Provided data:
section \<open>Stationarity from the eigenvector equation\<close>

lemma eigenvector_block_norm:
  assumes "unitary2 u" and z: "z \<in> words k" and "cmod \<omega> = 1"
    and eigen: "\<forall>y\<in>words (Suc (Suc k)). app (Suc (Suc k)) (Uk (Suc (Suc k)) u) \<psi> y = \<omega> * \<psi> y"
  shows "(\<Sum>y\<in>words 2. (cmod (\<psi> (z @ y)))\<^sup>2)
    = (\<Sum>y\<in>words 1. (cmod (\<psi> (False # z @ y)))\<^sup>2)
      + (cmod (\<psi> (True # False # z)))\<^sup>2 + (cmod (\<psi> (True # True # z)))\<^sup>2"
proof -
  define b where "b c = u c False * \<psi> (True # False # z) + u c True * \<psi> (True # True # z)" for c
  have coord: "cmod (\<psi> (z @ [c, d])) = cmod (u d False * \<psi> (False # z @ [c]) + u d True * b c)" for c d
  proof -
    have "cmod (\<psi> (z @ [c, d])) = cmod (\<omega> * \<psi> (z @ [c, d]))"
      using assms(3) by (simp add: norm_mult)
    also have "\<omega> * \<psi> (z @ [c, d]) = app (Suc (Suc k)) (Uk (Suc (Suc k)) u) \<psi> (z @ [c, d])"
      using eigen z by simp
    finally show ?thesis
      unfolding app_Uk_snoc2[OF z] b_def .
  qed
  have pair: "(cmod (\<psi> (z @ [c, False])))\<^sup>2 + (cmod (\<psi> (z @ [c, True])))\<^sup>2
      = (cmod (\<psi> (False # z @ [c])))\<^sup>2 + (cmod (b c))\<^sup>2" for c
    unfolding coord by (rule unitary2_norm_preserving[OF assms(1)])
  have "(cmod (b False))\<^sup>2 + (cmod (b True))\<^sup>2
      = (cmod (\<psi> (True # False # z)))\<^sup>2 + (cmod (\<psi> (True # True # z)))\<^sup>2"
    unfolding b_def by (rule unitary2_norm_preserving[OF assms(1)])
  thus ?thesis
    unfolding sum_words_2 sum_words_1 using pair[of False] pair[of True] by simp
qed

lemma cylinder_mass_eigenvector:
  assumes "unitary2 u" and "cmod \<omega> = 1"
    and eigen: "\<forall>y\<in>words (Suc (Suc k)). app (Suc (Suc k)) (Uk (Suc (Suc k)) u) \<psi> y = \<omega> * \<psi> y"
    and w: "length w \<le> k"
  shows "cylinder_mass (Suc (Suc k)) \<psi> w = cylinder_mass (Suc (Suc k)) \<psi> (False # w)
    + cylinder_mass (Suc (Suc k)) \<psi> (True # False # w) + cylinder_mass (Suc (Suc k)) \<psi> (True # True # w)"
proof -
  let ?P = "\<lambda>z. take (length w) z = w"
  have "cylinder_mass (k + 2) \<psi> w
      = (\<Sum>z\<in>words k. if ?P z then \<Sum>y\<in>words 2. (cmod (\<psi> (z @ y)))\<^sup>2 else 0)"
    using w by (rule cylinder_mass_append)
  also have "\<dots> = (\<Sum>z\<in>words k. (if ?P z then \<Sum>y\<in>words 1. (cmod (\<psi> (False # z @ y)))\<^sup>2 else 0)
      + (if ?P z then (cmod (\<psi> (True # False # z)))\<^sup>2 else 0)
      + (if ?P z then (cmod (\<psi> (True # True # z)))\<^sup>2 else 0))"
    using eigenvector_block_norm[OF assms(1) _ assms(2) eigen] by (intro sum.cong refl) simp
  also have "\<dots> = cylinder_mass (k + 1) (\<lambda>z. \<psi> (False # z)) w
      + cylinder_mass k (\<lambda>z. \<psi> (True # False # z)) w + cylinder_mass k (\<lambda>z. \<psi> (True # True # z)) w"
    unfolding cylinder_mass_append[OF w] by (simp add: cylinder_mass_def sum.distrib)
  finally show ?thesis
    by (simp add: cylinder_mass_Cons)
qed

lemma cylinder_mass_Nil: "complex_of_real (cylinder_mass k v []) = inner_k k v v"
  unfolding cylinder_mass_def inner_k_def of_real_sum
  by (simp add: of_real_cmod_sq del: of_real_power)

lemma stationary_word_measure_mu_bar:
  assumes "2 \<le> k" and u: "unitary2 u" and norm: "inner_k k \<psi> \<psi> = 1" and "cmod \<omega> = 1"
    and eigen: "\<forall>y\<in>words k. app k (Uk k u) \<psi> y = \<omega> * \<psi> y"
  shows "stationary_word_measure (k - 1) (mu_bar k u \<psi>)"
proof -
  obtain k2 where k: "k = Suc (Suc k2)"
    using assms(1) by (metis add_2_eq_Suc le_Suc_ex)
  define G where "G = 1 + cylinder_mass k \<psi> [True]"
  have "0 < G"
    using cylinder_mass_nonneg[of k \<psi> "[True]"] by (simp add: G_def)
  have mu: "mu_bar k u \<psi> w = (cylinder_mass k \<psi> w + cylinder_mass k \<psi> (True # w)) / G"
    if "length w \<le> k - 1" for w
    using mu_bar_eq[OF u that] k by (simp add: G_def)
  show ?thesis
  proof
    fix w :: "bool list"
    assume "length w \<le> k - 1"
    thus "0 \<le> mu_bar k u \<psi> w"
      using mu \<open>0 < G\<close> cylinder_mass_nonneg by simp
  next
    have "cylinder_mass k \<psi> [] = 1"
      using cylinder_mass_Nil[of k \<psi>] norm by simp
    thus "mu_bar k u \<psi> [] = 1"
      using mu[of "[]"] \<open>0 < G\<close> by (simp add: G_def)
  next
    fix w :: "bool list"
    assume w: "length w < k - 1"
    thus "mu_bar k u \<psi> w = mu_bar k u \<psi> (w @ [False]) + mu_bar k u \<psi> (w @ [True])"
      using cylinder_mass_split[of w k \<psi>] cylinder_mass_split[of "True # w" k \<psi>]
      by (simp add: mu add_divide_distrib[symmetric])
  next
    fix w :: "bool list"
    assume w: "length w < k - 1"
    have "cylinder_mass k \<psi> w = cylinder_mass k \<psi> (False # w)
        + cylinder_mass k \<psi> (True # False # w) + cylinder_mass k \<psi> (True # True # w)"
      using cylinder_mass_eigenvector[OF u assms(4), where k=k2] eigen w unfolding k by simp
    thus "mu_bar k u \<psi> w = mu_bar k u \<psi> (False # w) + mu_bar k u \<psi> (True # w)"
      using w by (simp add: mu add_divide_distrib[symmetric])
  qed
qed

theorem proposition9:
  fixes k n :: nat and u :: "bool \<Rightarrow> bool \<Rightarrow> complex" and \<psi> :: vec and \<theta> :: real
  assumes "k \<ge> 3"
    and "unitary2 u"
    and "\<forall>i j. cmod (u i j) = 1 / sqrt 2"
    and "inner_k k \<psi> \<psi> = 1"
    and "\<forall>y\<in>words k. app k (Uk k u) \<psi> y = exp (\<i> * complex_of_real \<theta>) * \<psi> y"
    and "1 \<le> n" and "n < k - 1"
  shows "entr (mu_bar k u \<psi>) n / real n
           \<ge> entr (mu_bar k u \<psi>) (k - 1) / real (k - 1) - real n * ln 2 / real (k - 1)"
proof -
  have "stationary_word_measure (k - 1) (mu_bar k u \<psi>)"
    using assms(1,2,4,5) by (intro stationary_word_measure_mu_bar) auto
  thus ?thesis
    using assms(6,7) by (intro stationary_word_measure.entropy_rate_bound) auto
qed

end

Task requirements: Start to finish, give the listing again exactly.

Answer to this problem:
section \<open>Stationarity from the eigenvector equation\<close>

lemma eigenvector_block_norm:
  assumes "unitary2 u" and z: "z \<in> words k" and "cmod \<omega> = 1"
    and eigen: "\<forall>y\<in>words (Suc (Suc k)). app (Suc (Suc k)) (Uk (Suc (Suc k)) u) \<psi> y = \<omega> * \<psi> y"
  shows "(\<Sum>y\<in>words 2. (cmod (\<psi> (z @ y)))\<^sup>2)
    = (\<Sum>y\<in>words 1. (cmod (\<psi> (False # z @ y)))\<^sup>2)
      + (cmod (\<psi> (True # False # z)))\<^sup>2 + (cmod (\<psi> (True # True # z)))\<^sup>2"
proof -
  define b where "b c = u c False * \<psi> (True # False # z) + u c True * \<psi> (True # True # z)" for c
  have coord: "cmod (\<psi> (z @ [c, d])) = cmod (u d False * \<psi> (False # z @ [c]) + u d True * b c)" for c d
  proof -
    have "cmod (\<psi> (z @ [c, d])) = cmod (\<omega> * \<psi> (z @ [c, d]))"
      using assms(3) by (simp add: norm_mult)
    also have "\<omega> * \<psi> (z @ [c, d]) = app (Suc (Suc k)) (Uk (Suc (Suc k)) u) \<psi> (z @ [c, d])"
      using eigen z by simp
    finally show ?thesis
      unfolding app_Uk_snoc2[OF z] b_def .
  qed
  have pair: "(cmod (\<psi> (z @ [c, False])))\<^sup>2 + (cmod (\<psi> (z @ [c, True])))\<^sup>2
      = (cmod (\<psi> (False # z @ [c])))\<^sup>2 + (cmod (b c))\<^sup>2" for c
    unfolding coord by (rule unitary2_norm_preserving[OF assms(1)])
  have "(cmod (b False))\<^sup>2 + (cmod (b True))\<^sup>2
      = (cmod (\<psi> (True # False # z)))\<^sup>2 + (cmod (\<psi> (True # True # z)))\<^sup>2"
    unfolding b_def by (rule unitary2_norm_preserving[OF assms(1)])
  thus ?thesis
    unfolding sum_words_2 sum_words_1 using pair[of False] pair[of True] by simp
qed

lemma cylinder_mass_eigenvector:
  assumes "unitary2 u" and "cmod \<omega> = 1"
    and eigen: "\<forall>y\<in>words (Suc (Suc k)). app (Suc (Suc k)) (Uk (Suc (Suc k)) u) \<psi> y = \<omega> * \<psi> y"
    and w: "length w \<le> k"
  shows "cylinder_mass (Suc (Suc k)) \<psi> w = cylinder_mass (Suc (Suc k)) \<psi> (False # w)
    + cylinder_mass (Suc (Suc k)) \<psi> (True # False # w) + cylinder_mass (Suc (Suc k)) \<psi> (True # True # w)"
proof -
  let ?P = "\<lambda>z. take (length w) z = w"
  have "cylinder_mass (k + 2) \<psi> w
      = (\<Sum>z\<in>words k. if ?P z then \<Sum>y\<in>words 2. (cmod (\<psi> (z @ y)))\<^sup>2 else 0)"
    using w by (rule cylinder_mass_append)
  also have "\<dots> = (\<Sum>z\<in>words k. (if ?P z then \<Sum>y\<in>words 1. (cmod (\<psi> (False # z @ y)))\<^sup>2 else 0)
      + (if ?P z then (cmod (\<psi> (True # False # z)))\<^sup>2 else 0)
      + (if ?P z then (cmod (\<psi> (True # True # z)))\<^sup>2 else 0))"
    using eigenvector_block_norm[OF assms(1) _ assms(2) eigen] by (intro sum.cong refl) simp
  also have "\<dots> = cylinder_mass (k + 1) (\<lambda>z. \<psi> (False # z)) w
      + cylinder_mass k (\<lambda>z. \<psi> (True # False # z)) w + cylinder_mass k (\<lambda>z. \<psi> (True # True # z)) w"
    unfolding cylinder_mass_append[OF w] by (simp add: cylinder_mass_def sum.distrib)
  finally show ?thesis
    by (simp add: cylinder_mass_Cons)
qed

lemma cylinder_mass_Nil: "complex_of_real (cylinder_mass k v []) = inner_k k v v"
  unfolding cylinder_mass_def inner_k_def of_real_sum
  by (simp add: of_real_cmod_sq del: of_real_power)

lemma stationary_word_measure_mu_bar:
  assumes "2 \<le> k" and u: "unitary2 u" and norm: "inner_k k \<psi> \<psi> = 1" and "cmod \<omega> = 1"
    and eigen: "\<forall>y\<in>words k. app k (Uk k u) \<psi> y = \<omega> * \<psi> y"
  shows "stationary_word_measure (k - 1) (mu_bar k u \<psi>)"
proof -
  obtain k2 where k: "k = Suc (Suc k2)"
    using assms(1) by (metis add_2_eq_Suc le_Suc_ex)
  define G where "G = 1 + cylinder_mass k \<psi> [True]"
  have "0 < G"
    using cylinder_mass_nonneg[of k \<psi> "[True]"] by (simp add: G_def)
  have mu: "mu_bar k u \<psi> w = (cylinder_mass k \<psi> w + cylinder_mass k \<psi> (True # w)) / G"
    if "length w \<le> k - 1" for w
    using mu_bar_eq[OF u that] k by (simp add: G_def)
  show ?thesis
  proof
    fix w :: "bool list"
    assume "length w \<le> k - 1"
    thus "0 \<le> mu_bar k u \<psi> w"
      using mu \<open>0 < G\<close> cylinder_mass_nonneg by simp
  next
    have "cylinder_mass k \<psi> [] = 1"
      using cylinder_mass_Nil[of k \<psi>] norm by simp
    thus "mu_bar k u \<psi> [] = 1"
      using mu[of "[]"] \<open>0 < G\<close> by (simp add: G_def)
  next
    fix w :: "bool list"
    assume w: "length w < k - 1"
    thus "mu_bar k u \<psi> w = mu_bar k u \<psi> (w @ [False]) + mu_bar k u \<psi> (w @ [True])"
      using cylinder_mass_split[of w k \<psi>] cylinder_mass_split[of "True # w" k \<psi>]
      by (simp add: mu add_divide_distrib[symmetric])
  next
    fix w :: "bool list"
    assume w: "length w < k - 1"
    have "cylinder_mass k \<psi> w = cylinder_mass k \<psi> (False # w)
        + cylinder_mass k \<psi> (True # False # w) + cylinder_mass k \<psi> (True # True # w)"
      using cylinder_mass_eigenvector[OF u assms(4), where k=k2] eigen w unfolding k by simp
    thus "mu_bar k u \<psi> w = mu_bar k u \<psi> (False # w) + mu_bar k u \<psi> (True # w)"
      using w by (simp add: mu add_divide_distrib[symmetric])
  qed
qed

theorem proposition9:
  fixes k n :: nat and u :: "bool \<Rightarrow> bool \<Rightarrow> complex" and \<psi> :: vec and \<theta> :: real
  assumes "k \<ge> 3"
    and "unitary2 u"
    and "\<forall>i j. cmod (u i j) = 1 / sqrt 2"
    and "inner_k k \<psi> \<psi> = 1"
    and "\<forall>y\<in>words k. app k (Uk k u) \<psi> y = exp (\<i> * complex_of_real \<theta>) * \<psi> y"
    and "1 \<le> n" and "n < k - 1"
  shows "entr (mu_bar k u \<psi>) n / real n
           \<ge> entr (mu_bar k u \<psi>) (k - 1) / real (k - 1) - real n * ln 2 / real (k - 1)"
proof -
  have "stationary_word_measure (k - 1) (mu_bar k u \<psi>)"
    using assms(1,2,4,5) by (intro stationary_word_measure_mu_bar) auto
  thus ?thesis
    using assms(6,7) by (intro stationary_word_measure.entropy_rate_bound) auto
qed

end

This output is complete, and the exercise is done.